**Problem**
A complete answer lists every line of the material where the string "operator" occurs.

-=-=-

(* Let $\mathbf{L}=\langle L,\leq,0,1\rangle$ be a totally ordered complete lattice and let $\mathcal{D}_1,\mathcal{D}_2$ be ranked data tables on the same relation scheme $R$. Then $\mathcal{D}_1 \sqsubseteq \mathcal{D}_2$ if and only if for every $r \in \mathrm{Tupl}(R)$ we have $\mathcal{L}(\mathcal{D}_1,r) \subseteq \mathcal{L}(\mathcal{D}_2,r)$.
   Context: A relation scheme $R$ is a finite set of attributes, each attribute having a (at most countable) set of admissible values; a tuple on $R$ is a map assigning to each attribute $y\in R$ an admissible value, and $\mathrm{Tupl}(R)$ denotes the set of all tuples on $R$. A ranked data table (RDT) on $R$ is a map $\mathcal{D}\colon \mathrm{Tupl}(R)\to L$ such that $\{r \in \mathrm{Tupl}(R);\ \mathcal{D}(r)>0\}$ is finite. For an RDT $\mathcal{D}$ on $R$ and $r\in\mathrm{Tupl}(R)$ put $\mathcal{U}(\mathcal{D},r)=\{r'\in\mathrm{Tupl}(R);\ \mathcal{D}(r')\geq \mathcal{D}(r)\}$ and $\mathcal{L}(\mathcal{D},r)=\{r'\in\mathrm{Tupl}(R);\ \mathcal{D}(r')\leq \mathcal{D}(r)\}$. $\mathcal{D}_1$ is ordinally included in $\mathcal{D}_2$, written $\mathcal{D}_1\sqsubseteq\mathcal{D}_2$, if $\mathcal{U}(\mathcal{D}_1,r)\subseteq\mathcal{U}(\mathcal{D}_2,r)$ for all $r\in\mathrm{Tupl}(R)$. *)

theory Defs
  imports Main "HOL-Library.FuncSet" "HOL-Library.Countable_Set"
begin

definition relation_scheme :: "'a set \<Rightarrow> ('a \<Rightarrow> 'v set) \<Rightarrow> bool" where
  "relation_scheme R adom \<longleftrightarrow> finite R \<and> (\<forall>y\<in>R. countable (adom y))"

definition Tupl :: "'a set \<Rightarrow> ('a \<Rightarrow> 'v set) \<Rightarrow> ('a \<Rightarrow> 'v) set" where
  "Tupl R adom = (\<Pi>\<^sub>E y\<in>R. adom y)"

text \<open>A ranked data table on R: a map from Tupl(R) to L with finitely many
 tuples of positive rank.  Values on non-tuples are irrelevant.\<close>

definition RDT :: "'a set \<Rightarrow> ('a \<Rightarrow> 'v set) \<Rightarrow> (('a \<Rightarrow> 'v) \<Rightarrow> 'l::{complete_lattice}) \<Rightarrow> bool" where
  "RDT R adom D \<longleftrightarrow> finite {r \<in> Tupl R adom. D r > bot}"

definition upper_set :: "'a set \<Rightarrow> ('a \<Rightarrow> 'v set) \<Rightarrow> (('a \<Rightarrow> 'v) \<Rightarrow> 'l::complete_lattice) \<Rightarrow> ('a \<Rightarrow> 'v) \<Rightarrow> ('a \<Rightarrow> 'v) set" where
  "upper_set R adom D r = {r' \<in> Tupl R adom. D r' \<ge> D r}"

definition lower_set :: "'a set \<Rightarrow> ('a \<Rightarrow> 'v set) \<Rightarrow> (('a \<Rightarrow> 'v) \<Rightarrow> 'l::complete_lattice) \<Rightarrow> ('a \<Rightarrow> 'v) \<Rightarrow> ('a \<Rightarrow> 'v) set" where
  "lower_set R adom D r = {r' \<in> Tupl R adom. D r' \<le> D r}"

definition ord_incl :: "'a set \<Rightarrow> ('a \<Rightarrow> 'v set) \<Rightarrow> (('a \<Rightarrow> 'v) \<Rightarrow> 'l::complete_lattice) \<Rightarrow> (('a \<Rightarrow> 'v) \<Rightarrow> 'l) \<Rightarrow> bool" where
  "ord_incl R adom D1 D2 \<longleftrightarrow> (\<forall>r\<in>Tupl R adom. upper_set R adom D1 r \<subseteq> upper_set R adom D2 r)"

end

theory Submission
  imports Defs
begin

text \<open>Both inclusions say the same thing: every ranking D1 r \<le> D1 r' between tuples
 is preserved by D2.  The upper sets read this with r fixed, the lower sets with r' fixed.\<close>

lemma ord_incl_iff_rank_preserving:
  "ord_incl R adom D1 D2 \<longleftrightarrow>
   (\<forall>r\<in>Tupl R adom. \<forall>r'\<in>Tupl R adom. D1 r \<le> D1 r' \<longrightarrow> D2 r \<le> D2 r')"
  unfolding ord_incl_def upper_set_def by blast

lemma lower_set_incl_iff_rank_preserving:
  "(\<forall>r\<in>Tupl R adom. lower_set R adom D1 r \<subseteq> lower_set R adom D2 r) \<longleftrightarrow>
   (\<forall>r\<in>Tupl R adom. \<forall>r'\<in>Tupl R adom. D1 r' \<le> D1 r \<longrightarrow> D2 r' \<le> D2 r)"
  unfolding lower_set_def by blast

theorem theorem2:
  fixes R :: "'a set" and adom :: "'a \<Rightarrow> 'v set"
    and D1 D2 :: "('a \<Rightarrow> 'v) \<Rightarrow> 'l::{complete_lattice, linorder}"
  assumes "relation_scheme R adom"
    and "RDT R adom D1" and "RDT R adom D2"
  shows "ord_incl R adom D1 D2 \<longleftrightarrow>
         (\<forall>r\<in>Tupl R adom. lower_set R adom D1 r \<subseteq> lower_set R adom D2 r)"
  unfolding ord_incl_iff_rank_preserving lower_set_incl_iff_rank_preserving by blast

end
(* Let $X$ be a second countable locally compact Hausdorff space and $T\colon X\to X$ a continuous, locally injective map. Then the saturated critical set $G_\Lambda$ is meagre if and only if the critical point set $C=\{x\in X: T\text{ is not open at }x\}$ is meagre.
   Context: $T$ is open at $x$ if for every neighbourhood $U$ of $x$, $T(x)\in\mathrm{int}(T(U))$. The transfer operator with weight $1$ is $\Lambda(f)(x)=\sum_{y\in T^{-1}(x)}f(y)$ for $f\in C_c(X)$. The critical value set is $C_\Lambda=\{x\in X:\Lambda(f)\text{ is not continuous at }x\text{ for some }f\in C_c(X)\}$, the post-critical set is $P_\Lambda=\bigcup_{n\ge0}T^n(C_\Lambda)$, and the saturated critical set is $G_\Lambda=\bigcup_{k\ge0}T^{-k}(P_\Lambda)$ ($T$ is called sparsely critically saturated when $G_\Lambda$ is meagre). A set is meagre if it is a countable union of sets whose closures have empty interior. *)

theory Defs
  imports "HOL-Analysis.Analysis"
begin

definition Cc :: "('a::topological_space \<Rightarrow> complex) set" where
  "Cc = {f. continuous_on UNIV f \<and> compact (closure {x. f x \<noteq> 0})}"

definition open_at :: "('a::topological_space \<Rightarrow> 'a) \<Rightarrow> 'a \<Rightarrow> bool" where
  "open_at T x \<longleftrightarrow> (\<forall>U. x \<in> interior U \<longrightarrow> T x \<in> interior (T ` U))"

definition locally_injective :: "('a::topological_space \<Rightarrow> 'a) \<Rightarrow> bool" where
  "locally_injective T \<longleftrightarrow> (\<forall>x. \<exists>U. open U \<and> x \<in> U \<and> inj_on T U)"

text \<open>Transfer operator with weight 1; the sum ranges over the preimages of x
  (terms with f y = 0 omitted, which does not change the value; for f in Cc and
  T locally injective this index set is finite).\<close>
definition transfer_op :: "('a \<Rightarrow> 'a) \<Rightarrow> ('a \<Rightarrow> complex) \<Rightarrow> 'a \<Rightarrow> complex" where
  "transfer_op T f x = (\<Sum>y | T y = x \<and> f y \<noteq> 0. f y)"

definition critical_value_set :: "('a::topological_space \<Rightarrow> 'a) \<Rightarrow> 'a set" where
  "critical_value_set T = {x. \<exists>f\<in>Cc. \<not> (transfer_op T f \<longlongrightarrow> transfer_op T f x) (at x)}"

definition post_critical_set :: "('a::topological_space \<Rightarrow> 'a) \<Rightarrow> 'a set" where
  "post_critical_set T = (\<Union>n. (T ^^ n) ` critical_value_set T)"

definition saturated_critical_set :: "('a::topological_space \<Rightarrow> 'a) \<Rightarrow> 'a set" where
  "saturated_critical_set T = (\<Union>k. (T ^^ k) -` post_critical_set T)"

definition critical_point_set :: "('a::topological_space \<Rightarrow> 'a) \<Rightarrow> 'a set" where
  "critical_point_set T = {x. \<not> open_at T x}"

definition nowhere_dense :: "'a::topological_space set \<Rightarrow> bool" where
  "nowhere_dense A \<longleftrightarrow> interior (closure A) = {}"

definition meagre :: "'a::topological_space set \<Rightarrow> bool" where
  "meagre A \<longleftrightarrow> (\<exists>F::nat \<Rightarrow> 'a set. (\<forall>n. nowhere_dense (F n)) \<and> A = (\<Union>n. F n))"

end

theory Submission
  imports Defs
begin

text \<open>Near a point \<open>x\<close> all of whose preimages are points where \<open>T\<close> is open, \<open>\<Lambda> f\<close> is
  a finite sum of \<open>f\<close> composed with continuous local inverses of \<open>T\<close>, hence continuous at \<open>x\<close>;
  conversely a bump function supported on a set where \<open>T\<close> is injective witnesses a critical
  value at the image of every critical point. So \<open>T(C) \<supseteq> C\<^sub>\<Lambda>\<close> and \<open>C \<subseteq> T\<^sup>-\<^sup>1(C\<^sub>\<Lambda>) \<subseteq> G\<^sub>\<Lambda>\<close>.
  For the converse, meagreness is preserved by images under \<open>T\<close>, since by second countability
  \<open>X\<close> is covered by countably many compact sets on which \<open>T\<close> is an embedding, and by preimages
  under \<open>T\<close>, since by Baire's theorem a meagre \<open>C\<close> has empty interior, so every nonempty open
  set contains a point where \<open>T\<close> is open.\<close>

lemma nowhere_dense_subset: "A \<subseteq> B \<Longrightarrow> nowhere_dense B \<Longrightarrow> nowhere_dense A"
  unfolding nowhere_dense_def by (metis closure_mono interior_mono subset_empty)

-=-=-

**Response**
   Context: $T$ is open at $x$ if for every neighbourhood $U$ of $x$, $T(x)\in\mathrm{int}(T(U))$. The transfer operator with weight $1$ is $\Lambda(f)(x)=\sum_{y\in T^{-1}(x)}f(y)$ for $f\in C_c(X)$. The critical value set is $C_\Lambda=\{x\in X:\Lambda(f)\text{ is not continuous at }x\text{ for some }f\in C_c(X)\}$, the post-critical set is $P_\Lambda=\bigcup_{n\ge0}T^n(C_\Lambda)$, and the saturated critical set is $G_\Lambda=\bigcup_{k\ge0}T^{-k}(P_\Lambda)$ ($T$ is called sparsely critically saturated when $G_\Lambda$ is meagre). A set is meagre if it is a countable union of sets whose closures have empty interior. *)
text \<open>Transfer operator with weight 1; the sum ranges over the preimages of x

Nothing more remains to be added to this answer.